By the time he was done, their network was faster, tighter, and about twenty times harder to crack.

It was almost 2 a.m. when the quiet hum of the server room broke.

Footsteps. Two sets. Confident.

Marcus looked up as the door opened and a woman stepped in. Brown hair tied neatly back, black eyes that didn't blink more than necessary. She wore a fitted pantsuit, black with just enough cut to suggest movement wouldn't be a problem. On her head, a peaked cap. And her posture, hands clasped loosely in front, shoulders relaxed but ready, screamed "bodyguard" before she even spoke.

"Mr. Kane?" she asked.

Marcus nodded. "You'd be…?"

"Mercy Graves," she said. The name meant nothing to him, for now. "I'm here to check on your progress."

He was about to launch into a rundown when she raised a hand to stop him. Smooth, almost polite, but definitive.

From her pocket, she produced a small disc-shaped device and set it on the counter. It hummed faintly before projecting a floating hologram. The figure's face was blurred beyond recognition, and its voice was artificially deepened.

"Mr. Kane," it said. "Status update."

Marcus leaned back in his chair, glancing at Mercy before turning to the projection. "Security overhaul is seventy percent complete. Network speed increased by forty-two percent. Unauthorized access points eliminated. The previous system could be breached in ninety seconds; now it's over thirty minutes without inside knowledge."

He tapped a key, and on the far wall, a display came alive, side-by-side footage of simulated intrusion attempts, one using the old system, one using his upgraded version. In the old footage, the breach hit like a hammer through glass. In the new, the intruder's connection stuttered, then died, leaving them chasing corrupted data.

The hologram's voice made a low, approving sound. "Impressive. Would you consider a permanent arrangement with us?"

Marcus raised an eyebrow. "I don't work for anyone permanently. Problems with authority… and all that."

Mercy's expression shifted, just barely. A tightening around the eyes, a small narrowing that said she was filing that answer away.

The hologram voice hummed again, this time with a note of disappointment. "Perhaps another time, then."

"Perhaps," Marcus said, taking a long pull from a can of Red Bull on the desk.

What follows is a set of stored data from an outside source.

text \<open>
  Each ridge function \<open>x \<mapsto> \<psi>\<^sub>i(a\<^sub>i \<bullet> x + b\<^sub>i)\<close> has gradient \<open>\<psi>\<^sub>i'(a\<^sub>i \<bullet> x + b\<^sub>i) a\<^sub>i\<close>, and
  \<open>\<psi>\<^sub>i'\<close> is continuous and nondecreasing because \<open>\<psi>\<^sub>i\<close> is convex and \<open>C\<^sup>1\<close>. So \<open>\<nabla>F\<close> is already a
  network with rows \<open>a\<^sub>i\<close>, offsets \<open>b\<^sub>i\<close> and activations \<open>\<psi>\<^sub>i'\<close>; replacing each \<open>\<psi>\<^sub>i'\<close> by a
  uniform \<open>\<eta>\<close>-approximant from \<open>\<A>\<close> on the compact image of the cube under \<open>x \<mapsto> a\<^sub>i \<bullet> x + b\<^sub>i\<close>
  changes the network by at most \<open>\<eta> \<Sum>\<^sub>i \<parallel>a\<^sub>i\<parallel>\<close>. Conversely, if \<open>S\<^sub>j\<close> is an antiderivative of
  the monotone activation \<open>\<sigma>\<^sub>j\<close>, then \<open>S\<^sub>j\<close> is convex and the network is the gradient of the
  convex function \<open>\<Sum>\<^sub>j S\<^sub>j(w\<^sub>j \<bullet> x + c\<^sub>j) + b \<bullet> x\<close>.
\<close>

definition uniformly_approximates_monotone :: "(real \<Rightarrow> real) set \<Rightarrow> bool" where
  "uniformly_approximates_monotone \<A> \<longleftrightarrow>
     (\<forall>K h \<eta>. compact K \<and> continuous_on K h \<and> mono_on K h \<and> \<eta> > 0 \<longrightarrow>
        (\<exists>\<alpha>\<in>\<A>. \<forall>x\<in>K. \<bar>h x - \<alpha> x\<bar> < \<eta>))"

lemma grad_eqI:
  fixes f :: "'a::real_inner \<Rightarrow> real"
  assumes "GDERIV f x :> D"
  shows "grad f x = D"
  unfolding grad_def
proof (rule the_equality)
  fix D' assume "GDERIV f x :> D'"
  then have "(\<lambda>h. h \<bullet> D') = (\<lambda>h. h \<bullet> D)"
    using assms unfolding gderiv_def by (rule has_derivative_unique)
  then have "(D' - D) \<bullet> (D' - D) = 0"
    by (metis inner_diff_right right_minus_eq)
  then show "D' = D" by simp
qed (fact assms)

lemma GDERIV_sum:
  assumes "finite S" "\<And>i. i \<in> S \<Longrightarrow> GDERIV (f i) x :> D i"
  shows "GDERIV (\<lambda>x. \<Sum>i\<in>S. f i x) x :> (\<Sum>i\<in>S. D i)"
  using assms by (induction S rule: finite_induct) (simp_all add: GDERIV_const GDERIV_add)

Mercy reached over, turned off the device, and slid it back into her pocket. Without another word, she turned and left, her footsteps fading into the hum of the servers.

Marcus watched the door for a few seconds after it closed. Then he shook his head, muttering, "Cadmus," under his breath, remembering the faint print he'd seen on one of the tech badges earlier.

Bookmarked for later.

For now, there was still work to do.